AskReddit users share the weirdest things they’ve seen turn up at Goodwill stores.
1. Mice!
“Goodwill was my first job. My first day of working there, I opened a box and saw some yarn. It looked suspicious, so I poked it and a bunch of pinkies (baby mice) crawled out.
That was a pretty good indicator of what the next year of my employment was going to be like. The only thing I really learned was that people take “donation” to mean “free trash dump.” “
2. Bad timing
“During the Austin, TX serial bombings earlier this year, someone donated an artillery simulation device that ended up going off while being sorted and led to minor injuries to an employee and mass hysteria that the bomber had started to target donation drop offs.

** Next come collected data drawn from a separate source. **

text \<open>Put \<open>a i = min (b i) (\<beta> \<surd>(w i))\<close>, so that \<open>\<Sum> a i = 1\<close> and \<open>r\<^sup>\<star> = x\<^sup>\<star> a\<close>.
  For feasible \<open>r\<close> with \<open>S = \<Sum> r i\<close>, the shares \<open>y l = r l / (S + 1)\<close> satisfy
  \<open>y l \<le> \<sigma> l \<le> b l\<close> and \<open>\<Sum> y l \<le> 1\<close>, while \<open>\<Delta>(r) \<ge> \<Sum> w l + \<Sum> w l / y l\<close>. Over
  these relaxed constraints the convex function \<open>\<Sum> w l / y l\<close> is minimised by water filling
  at \<open>y = a\<close>, so \<open>\<Sum> w l + C\<^sub>1\<close> is a lower bound for \<open>\<Delta>\<^sub>o\<^sub>p\<^sub>t\<close>. Conversely \<open>r\<^sup>\<star>\<close> is
  feasible, and since \<open>x\<^sup>\<star> (1 + x\<^sup>\<star>) \<epsilon> = 1\<close> its excess over that bound is
  \<open>\<Sum> (w l / a l) (exp ((1 - a l) \<epsilon> x\<^sup>\<star>) (1 + 1/x\<^sup>\<star>) - 1)\<close>, each bracket being
  \<open>(2 - a l) \<surd>\<epsilon> + o(\<surd>\<epsilon>)\<close>. Hence the gap is even eventually at most \<open>2 \<surd>\<epsilon> C\<^sub>1\<close>.\<close>

lemma xstar_pos: "eps > 0 \<Longrightarrow> xstar eps > 0"
proof -
  assume "eps > 0"
  then have "sqrt (1/4) < sqrt (1/4 + 1/eps)" by (intro real_sqrt_less_mono) simp
  moreover have "sqrt (1/4::real) = 1/2" by (simp add: real_sqrt_divide)
  ultimately show ?thesis unfolding xstar_def by simp
qed

lemma xstar_equation: "eps > 0 \<Longrightarrow> xstar eps * (1 + xstar eps) * eps = 1"
proof -
  assume e: "eps > 0"
  define s where "s = sqrt (1/4 + 1/eps)"
  have s2: "s^2 = 1/4 + 1/eps" unfolding s_def using e by simp
  have "xstar eps * (1 + xstar eps) = s^2 - 1/4" unfolding xstar_def s_def[symmetric]
    by (simp add: algebra_simps power2_eq_square)
  then show ?thesis using s2 e by (simp add: field_simps)
qed

lemma eventually_xstar_excess_le:
  fixes a :: real
  assumes "a > 0"
  shows "eventually (\<lambda>e. exp ((1 - a) * (e * xstar e)) * (1 + 1 / xstar e) - 1 \<le> 2 * sqrt e)
           (at_right 0)"
proof -
  have "((\<lambda>e. (exp ((1-a) * (e * (-1/2 + sqrt(1/4+1/e)))) * (1 + 1/(-1/2 + sqrt(1/4+1/e))) - 1)
            / sqrt e) \<longlongrightarrow> 2 - a) (at_right (0::real))"
    by real_asymp
  then have "eventually (\<lambda>e. (exp ((1-a) * (e * xstar e)) * (1 + 1 / xstar e) - 1) / sqrt e < 2)
               (at_right 0)"
    unfolding xstar_def using order_tendstoD(2) assms by fastforce
  then show ?thesis
    using eventually_at_right_less[of 0]
    by eventually_elim (simp add: divide_less_eq)
qed

lemma weight_div_ge_tangent:
  fixes w a y :: real
  assumes "w \<ge> 0" "a > 0" "y > 0"
  shows "w / a - w / a^2 * (y - a) \<le> w / y"
proof -
  have "w / y - (w / a - w / a^2 * (y - a)) = w * (y - a)^2 / (a^2 * y)"
    using assms by (simp add: field_simps power2_eq_square)
  moreover have "w * (y - a)^2 / (a^2 * y) \<ge> 0" using assms by simp
  ultimately show ?thesis by linarith
qed

text \<open>The multiplier \<open>1/\<beta>\<^sup>2\<close> certifies \<open>a\<close> as minimiser of \<open>\<Sum> w i / y i\<close> under \<open>y \<le> b\<close>,
  \<open>\<Sum> y i \<le> 1\<close>: the tangent slope \<open>- w i / (a i)\<^sup>2\<close> equals \<open>- 1/\<beta>\<^sup>2\<close> where the cap \<open>b i\<close> is not
  active, and is steeper where it is.\<close>

lemma sum_weight_div_ge_water_filling:
  fixes w b y :: "'i \<Rightarrow> real"
  assumes beta: "beta > 0"
    and w: "\<forall>i\<in>I. w i > 0" and y: "\<forall>i\<in>I. 0 < y i \<and> y i \<le> b i"
    and ysum: "sum y I \<le> 1"
    and asum: "(\<Sum>i\<in>I. min (b i) (beta * sqrt (w i))) = 1"
  shows "(\<Sum>i\<in>I. w i / min (b i) (beta * sqrt (w i))) \<le> (\<Sum>i\<in>I. w i / y i)"
proof -
  define a where "a i = min (b i) (beta * sqrt (w i))" for i
  have tangent: "w i / a i - (y i - a i) / beta^2 \<le> w i / y i" if i: "i \<in> I" for i
  proof -
    have wi: "w i > 0" and yi: "0 < y i" "y i \<le> b i" using w y i by auto
    have ai: "a i > 0" using wi yi beta unfolding a_def by simp
    have "w i / a i^2 * (y i - a i) \<le> (y i - a i) / beta^2"
    proof (cases "a i = beta * sqrt (w i)")
      case True
      then have "w i / a i^2 = 1 / beta^2" using wi beta by (simp add: power_mult_distrib)
      then show ?thesis by simp
    next
      case False
      then have "a i = b i" unfolding a_def by (metis min_def)
      then have "y i - a i \<le> 0" using yi by simp
      moreover have "a i^2 \<le> (beta * sqrt (w i))^2"
        using ai unfolding a_def by (intro power_mono) auto
      then have "1 / beta^2 \<le> w i / a i^2" using beta ai wi by (simp add: field_simps power_mult_distrib)
      ultimately have "w i / a i^2 * (y i - a i) \<le> 1 / beta^2 * (y i - a i)"
        by (intro mult_right_mono_neg)
      then show ?thesis by simp
    qed
    with weight_div_ge_tangent[of "w i" "a i" "y i"] wi ai yi show ?thesis by linarith
  qed
  have "(\<Sum>i\<in>I. (y i - a i) / beta^2) = (sum y I - sum a I) / beta^2"
    by (simp only: sum_subtractf[symmetric] sum_divide_distrib)
  also have "\<dots> \<le> 0" using ysum asum unfolding a_def[symmetric] by (simp add: divide_nonpos_nonneg)
  finally have "(\<Sum>i\<in>I. w i / a i) \<le> (\<Sum>i\<in>I. w i / a i - (y i - a i) / beta^2)"
    by (simp add: sum_subtractf)
  also have "\<dots> \<le> (\<Sum>i\<in>I. w i / y i)" by (intro sum_mono tangent)
  finally show ?thesis unfolding a_def .
qed

lemma share_le_sigma:
  assumes "eps \<ge> 0" "\<forall>i\<in>{1..M}. r i > 0" "l \<in> {1..M}"
  shows "r l / (Ssum M r + 1) \<le> sigma M eps r l"
proof -
  let ?E = "exp (- r l * eps)"
  have "r l \<le> Ssum M r" unfolding Ssum_def using assms by (intro member_le_sum) (auto intro: less_imp_le)
  moreover have "r l > 0" using assms by simp
  then have "?E \<le> 1" using assms(1) by simp
  ultimately have "(1 - ?E) * (Ssum M r - r l) \<ge> 0" by simp
  then have "r l \<le> (1 - ?E) * Ssum M r + r l * ?E" by (simp add: algebra_simps)
  moreover have "Ssum M r \<ge> 0" unfolding Ssum_def using assms by (intro sum_nonneg) (auto intro: less_imp_le)
  ultimately show ?thesis unfolding sigma_def by (intro divide_right_mono) auto
qed

lemma DeltaBar_ge_sum_div_shares:
  assumes "eps \<ge> 0" "\<forall>i\<in>{1..M}. r i > 0" "\<forall>i\<in>{1..M}. w i \<ge> 0"
  shows "(\<Sum>l\<in>{1..M}. w l / (r l / (Ssum M r + 1))) + (\<Sum>l\<in>{1..M}. w l) \<le> DeltaBar M w eps r"
proof -
  let ?S = "Ssum M r"
  have S: "?S \<ge> 0" unfolding Ssum_def using assms by (intro sum_nonneg) (auto intro: less_imp_le)
  have "w l / (r l / (?S + 1)) \<le> w l * exp (- r l * eps) / r l * exp (eps * ?S) * (1 + ?S)"
    if l: "l \<in> {1..M}" for l
  proof -
    have "r l \<le> ?S" unfolding Ssum_def using assms l by (intro member_le_sum) (auto intro: less_imp_le)
    then have "1 \<le> exp (eps * (?S - r l))" using assms by simp
    also have "\<dots> = exp (- r l * eps) * exp (eps * ?S)"
      by (simp add: exp_add[symmetric] algebra_simps)
    finally have "w l * (1 + ?S) / r l * 1 \<le> w l * (1 + ?S) / r l * (exp (- r l * eps) * exp (eps * ?S))"
      using assms l S by (intro mult_left_mono) (auto intro!: divide_nonneg_pos)
    then show ?thesis by (simp add: mult_ac add.commute)
  qed
  then show ?thesis unfolding DeltaBar_def sum_distrib_right by (intro add_right_mono sum_mono)
qed

lemma DeltaBar_feasible_ge:
  assumes eps: "eps \<ge> 0" and beta: "beta > 0" and w: "\<forall>i\<in>{1..M}. w i > 0"
    and asum: "(\<Sum>i\<in>{1..M}. min (b i) (beta * sqrt (w i))) = 1"
    and feas: "feasible M b eps r"
  shows "(\<Sum>l\<in>{1..M}. w l) + (\<Sum>i\<in>{1..M}. w i / min (b i) (beta * sqrt (w i)))
           \<le> DeltaBar M w eps r"
proof -
  define y where "y l = r l / (Ssum M r + 1)" for l
  have r: "\<forall>i\<in>{1..M}. r i > 0" using feas unfolding feasible_def by auto
  have S: "Ssum M r \<ge> 0" unfolding Ssum_def using r by (intro sum_nonneg) (auto intro: less_imp_le)
  have "\<forall>i\<in>{1..M}. 0 < y i \<and> y i \<le> b i"
    using share_le_sigma[OF eps r] feas r S unfolding feasible_def y_def by force
  moreover have "sum y {1..M} = Ssum M r / (Ssum M r + 1)"
    unfolding y_def Ssum_def by (simp add: sum_divide_distrib)
  then have "sum y {1..M} \<le> 1" using S by simp
  ultimately have "(\<Sum>i\<in>{1..M}. w i / min (b i) (beta * sqrt (w i))) \<le> (\<Sum>i\<in>{1..M}. w i / y i)"
    using sum_weight_div_ge_water_filling[OF beta w] asum by blast
  moreover have "\<forall>i\<in>{1..M}. 0 \<le> w i" using w by (simp add: less_imp_le)
  then have "(\<Sum>i\<in>{1..M}. w i / y i) + (\<Sum>l\<in>{1..M}. w l) \<le> DeltaBar M w eps r"
    unfolding y_def by (rule DeltaBar_ge_sum_div_shares[OF eps r])
  ultimately show ?thesis by linarith
qed

lemma sigma_scaled_xstar_le:
  assumes eps: "eps > 0" and asum: "sum a {1..M} = 1"
    and l: "l \<in> {1..M}" and al: "0 < a l" "a l \<le> 1"
  shows "sigma M eps (\<lambda>i. a i * xstar eps) l \<le> a l"
proof -
  define x where "x = xstar eps"
  have x: "x > 0" and xe: "x * (1 + x) * eps = 1"
    using xstar_pos[OF eps] xstar_equation[OF eps] unfolding x_def by auto
  have S: "Ssum M (\<lambda>i. a i * x) = x" unfolding Ssum_def using asum by (simp add: sum_distrib_right[symmetric])
  let ?E = "exp (- (a l * x) * eps)"
  have "1 - ?E \<le> a l * x * eps" using exp_ge_add_one_self[of "- (a l * x) * eps"] by simp
  then have "x * (1 - a l) * (1 - ?E) \<le> x * (1 - a l) * (a l * x * eps)"
    using al x by (intro mult_left_mono) auto
  also have "\<dots> = a l * ((1 - a l) * (x * x * eps))" by simp
  also have "\<dots> \<le> a l * 1"
  proof -
    have "x * eps > 0" using x eps by simp
    then have "x * x * eps \<le> 1" using xe by (simp add: algebra_simps)
    then have "(1 - a l) * (x * x * eps) \<le> 1" using al x eps by (rule_tac mult_le_one) auto
    then show ?thesis using al by (intro mult_left_mono) auto
  qed
  finally have "(1 - ?E) * x + a l * x * ?E \<le> a l * (x + 1)" by (simp add: algebra_simps)
  then show ?thesis unfolding sigma_def S x_def[symmetric] using x by (simp add: divide_le_eq)
qed

lemma DeltaBar_scaled_eq:
  assumes x: "x > 0" and asum: "sum a {1..M} = 1" and a: "\<forall>i\<in>{1..M}. a i > 0"
  shows "DeltaBar M w eps (\<lambda>i. a i * x)
           = (\<Sum>l\<in>{1..M}. w l / a l * (exp ((1 - a l) * (eps * x)) * (1 + 1 / x))) + (\<Sum>l\<in>{1..M}. w l)"
proof -
  have S: "Ssum M (\<lambda>i. a i * x) = x" unfolding Ssum_def using asum by (simp add: sum_distrib_right[symmetric])
  have term_eq: "w l * exp (- (a l * x) * eps) / (a l * x) * exp (eps * x) * (1 + x)
          = w l / a l * (exp ((1 - a l) * (eps * x)) * (1 + 1 / x))" if "l \<in> {1..M}" for l
  proof -
    have "exp (- (a l * x) * eps) * exp (eps * x) = exp ((1 - a l) * (eps * x))"
      by (simp add: exp_add[symmetric] algebra_simps)
    then show ?thesis using a that x by (simp add: field_simps)
  qed
  show ?thesis unfolding DeltaBar_def S sum_distrib_right
    by (intro arg_cong2[where f="(+)"] sum.cong refl term_eq)
qed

Bad weird donation. Worse timing.”
3. No thanks
“A Blazer Vest with a LIVE BAT comfortably nestled inside it, cute little guy.
Never got pictures, was before the age of smartphones I’m afraid. Got the thickest pair of gloves to carefully grab him and release him outside.”
4. Quite a story
“This was 7 years ago now. Had a lady in her late thirties donate everything in her house. A whole moving truck full. I didn’t notice anything odd until it was almost empty. She was acting nostalgic, yet semi flippant about giving it all away. At the end she asked if she could pray for me and the co-worker that helped unload the truck. After she drove away I had a sinking feeling about this lady.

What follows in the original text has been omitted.